As the phrase suggests accelerated FDA approval involves a faster approval than for non-accelerated approvals. To get an accelerated approval sponsors must submit their application to the FDA. Before an application is accepted for approval, two major regulatory tests described below are applied.
THE DRUG HAD TO TARGET SERIOUS CONDITIONS
What is a serious condition? If you are a patient almost every disease would be a serious condition. The FDA has clarified this in a guidance document.
This is a disease or condition which has significant impacts on a person's day-to-day ability to function or even die.
Clinical judgment has to be made in determining whether a disease is serious or not.
The judgment is based on the impact of the disease on factors such as the patients' survival and day-to-day functioning. In addition, an assessment is made on the likelihood that the disease will progress to a more severe condition if no treatment is provided.
There are other three pathways for expedited approval of NDA which require establishment of serious condition. They include fast track, breakthrough therapy and priority review.
All diseases that are life threatening qualify as serious illnesses but not necessarily for accelerated FDA approval as we will see later. Some will qualify for fast track, breakthrough therapy and priority review but not for accelerated approval.
THE DRUG HAD TO BE FOR AN UNMET MEDICAL NEED
The term "unmet t Medical Need" is used to refer to a medical condition that does not have adequate treatment or diagnosis. It may be for treatment of cancer or a method for better and faster diagnosis of a serious illness. The application of the term "unmet medical need" could be quite broad.
The term "unmet medical need" could be used where there is no available appropriate treatment to the patients. Sometimes a new therapy may be available but unmet medical need may still exist such as when the new reduces the symptoms but not the serious outcome such as progressive disability or progression of the illness.
WHAT THE SPONSOR SHOULD DO
Because many sponsors may want to use accelerated FDA approval, certain pre-qualification criteria have been put into place.
As the accelerated FDA approval application is based on surrogate endpoints. Sponsors should ordinarily discuss with the FDA of the intention to request for accelerated approval.
The request would help the sponsor to choose the best surrogate endpoints during the clinical trials. Surrogate endpoints are endpoints other than clinical endpoints which take longer to determine for diseases that take long to show a clinical endpoint.
For example, it might take long to show that a drug prolongs life. Prolongation of life is a clinical endpoint. Decrease in the blood in viral load such as in HIV would be a surrogate endpoint.

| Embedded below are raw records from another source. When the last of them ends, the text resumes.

(* Let $N\ge 1$ users and a server run the LightSecAgg protocol described in the context, with integer parameters $T\ge 0$ (privacy guarantee) and $D\ge 0$ (dropout-resiliency guarantee) satisfying $T+D<N$, and with the design parameter $U$ being any integer with $T<U\le N-D$. Then LightSecAgg simultaneously achieves (1) privacy against any set of up to $T$ colluding users (who may also collude with the server), and (2) dropout-resiliency against any set of up to $D$ dropped users, in the sense defined in the context.
   Context: Setting: there are $N$ users, indexed by $[N]=\{1,\dots,N\}$, and a server. User $i$ holds a local model $\mathbf{x}_i\in\mathbb{F}_q^d$ for a finite field $\mathbb{F}_q$; the $\mathbf{x}_i$ are independent of all randomness generated by the protocol. Users communicate with each other through private, authenticated channels (the server does not see user-to-user messages). Assume $U-T$ divides $d$. A matrix $W\in\mathbb{F}_q^{U\times N}$ is MDS if every $U\times U$ submatrix is invertible; it is $T$-private MDS if in addition the submatrix consisting of its rows $U-T+1,\dots,U$ is MDS (every $T\times T$ submatrix of it is invertible). Such matrices exist for all $U,N,T$ (for $q$ large enough). Let $W_j$ denote the $j$-th column of a fixed $T$-private MDS matrix $W$. LightSecAgg protocol with parameters $T,D,U$ ($N-D\ge U>T\ge0$): (i) Offline encoding and sharing of masks: each user $i$ independently picks $\mathbf{z}_i$ uniformly at random from $\mathbb{F}_q^d$, partitions it into $U-T$ sub-masks $[\mathbf{z}_i]_1,\dots,[\mathbf{z}_i]_{U-T}\in\mathbb{F}_q^{d/(U-T)}$, picks $[\mathbf{n}_i]_{U-T+1},\dots,[\mathbf{n}_i]_U$ independently and uniformly at random from $\mathbb{F}_q^{d/(U-T)}$, and computes for each $j\in[N]$ the encoded mask $[\tilde{\mathbf{z}}_i]_j=([\mathbf{z}_i]_1,\dots,[\mathbf{z}_i]_{U-T},[\mathbf{n}_i]_{U-T+1},\dots,[\mathbf{n}_i]_U)\cdot W_j$ (each coordinate of the vectors combined linearly with the entries of $W_j$). User $i$ sends $[\tilde{\mathbf{z}}_i]_j$ to user $j$ for each $j\ne i$. (ii) Masking and uploading: each user $i$ sends $\tilde{\mathbf{x}}_i=\mathbf{x}_i+\mathbf{z}_i$ to the server. The server identifies the set $\mathcal{U}_1\subseteq[N]$ of users whose masked models it received (surviving users). (iii) One-shot aggregate-model recovery: each surviving user $j\in\mathcal{U}_1$ sends $\sum_{i\in\mathcal{U}_1}[\tilde{\mathbf{z}}_i]_j$ to the server; after receiving any $U$ of these messages, the server decodes (using $W$) $\sum_{i\in\mathcal{U}_1}[\mathbf{z}_i]_k$ for $k\in[U-T]$, concatenates them into $\sum_{i\in\mathcal{U}_1}\mathbf{z}_i$, and outputs $\sum_{i\in\mathcal{U}_1}\tilde{\mathbf{x}}_i-\sum_{i\in\mathcal{U}_1}\mathbf{z}_i$. Privacy guarantee $T$: for every set $\mathcal{T}\subseteq[N]$ with $|\mathcal{T}|\le T$, $I\big(\{\mathbf{x}_i\}_{i\in[N]};\mathbf{Y}\,\big|\,\sum_{i\in\mathcal{U}_1}\mathbf{x}_i,\mathbf{Z}_{\mathcal{T}}\big)=0$, where $\mathbf{Y}$ is the collection of all messages received by the server (in the worst case where users deemed dropped are merely delayed, so the server receives all masked models), and $\mathbf{Z}_{\mathcal{T}}$ is the collection of all information held by the users in $\mathcal{T}$ (their models, masks and received encoded masks). Dropout-resiliency guarantee $D$: if at most $D$ users drop at any point during execution, the server correctly recovers $\sum_{i\in\mathcal{U}_1}\mathbf{x}_i$, the sum of the surviving users' models. *)

theory Defs
  imports "Jordan_Normal_Form.DL_Submatrix" "HOL-Probability.Probability_Mass_Function"
          "HOL-Library.FuncSet"
begin

text \<open>Conventions (0-based indexing): users are 0..N-1, rows of W are 0..U-1,
  the "noise" rows of the paper (U-T+1..U) are U-T..U-1, vector coordinates of
  F_q^d are 0..d-1, and sub-mask k (paper: k+1) of z occupies coordinates
  k*m .. k*m+m-1 with m = d div (U-T).\<close>

definition MDS_mat :: "'a::field mat \<Rightarrow> nat \<Rightarrow> nat \<Rightarrow> bool" where
  "MDS_mat W U N \<longleftrightarrow> W \<in> carrier_mat U N \<and>
     (\<forall>S. S \<subseteq> {..<N} \<longrightarrow> card S = U \<longrightarrow> invertible_mat (submatrix W {..<U} S))"

definition T_private_MDS :: "'a::field mat \<Rightarrow> nat \<Rightarrow> nat \<Rightarrow> nat \<Rightarrow> bool" where
  "T_private_MDS W U N T \<longleftrightarrow> MDS_mat W U N \<and> T \<le> U \<and>
     (\<forall>S. S \<subseteq> {..<N} \<longrightarrow> card S = T \<longrightarrow> invertible_mat (submatrix W {U-T..<U} S))"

Surrogate endpoints include laboratory measurements and images among others. The use of clinical endpoints is however required in the confirmatory clinical trial reports.
By the time this application is being submitted the sponsor should be in a position to discuss the confirmatory clinical trials which should be in progress.
Without evidence of these confirmatory trials the FDA may be reluctant to approve the requested accelerated FDA approval. The risk to patients is exposure to expensive drugs which may offer no clinical benefits. The sponsor must provide evidence for commitment to complete the pending confirmatory trials.
Does Canada have a similar program to accelerated FDA approval? The Canadian equivalence is called priority review. In this program the sponsor is encouraged to request for priority review status early. The sponsor will get a notice of compliance status with conditions after the application when the only data available is from surrogate end-points.
The target review period is 200 days. Just as in USA, the sponsor has to submit confirmatory clinical trial data for full compliance without conditions.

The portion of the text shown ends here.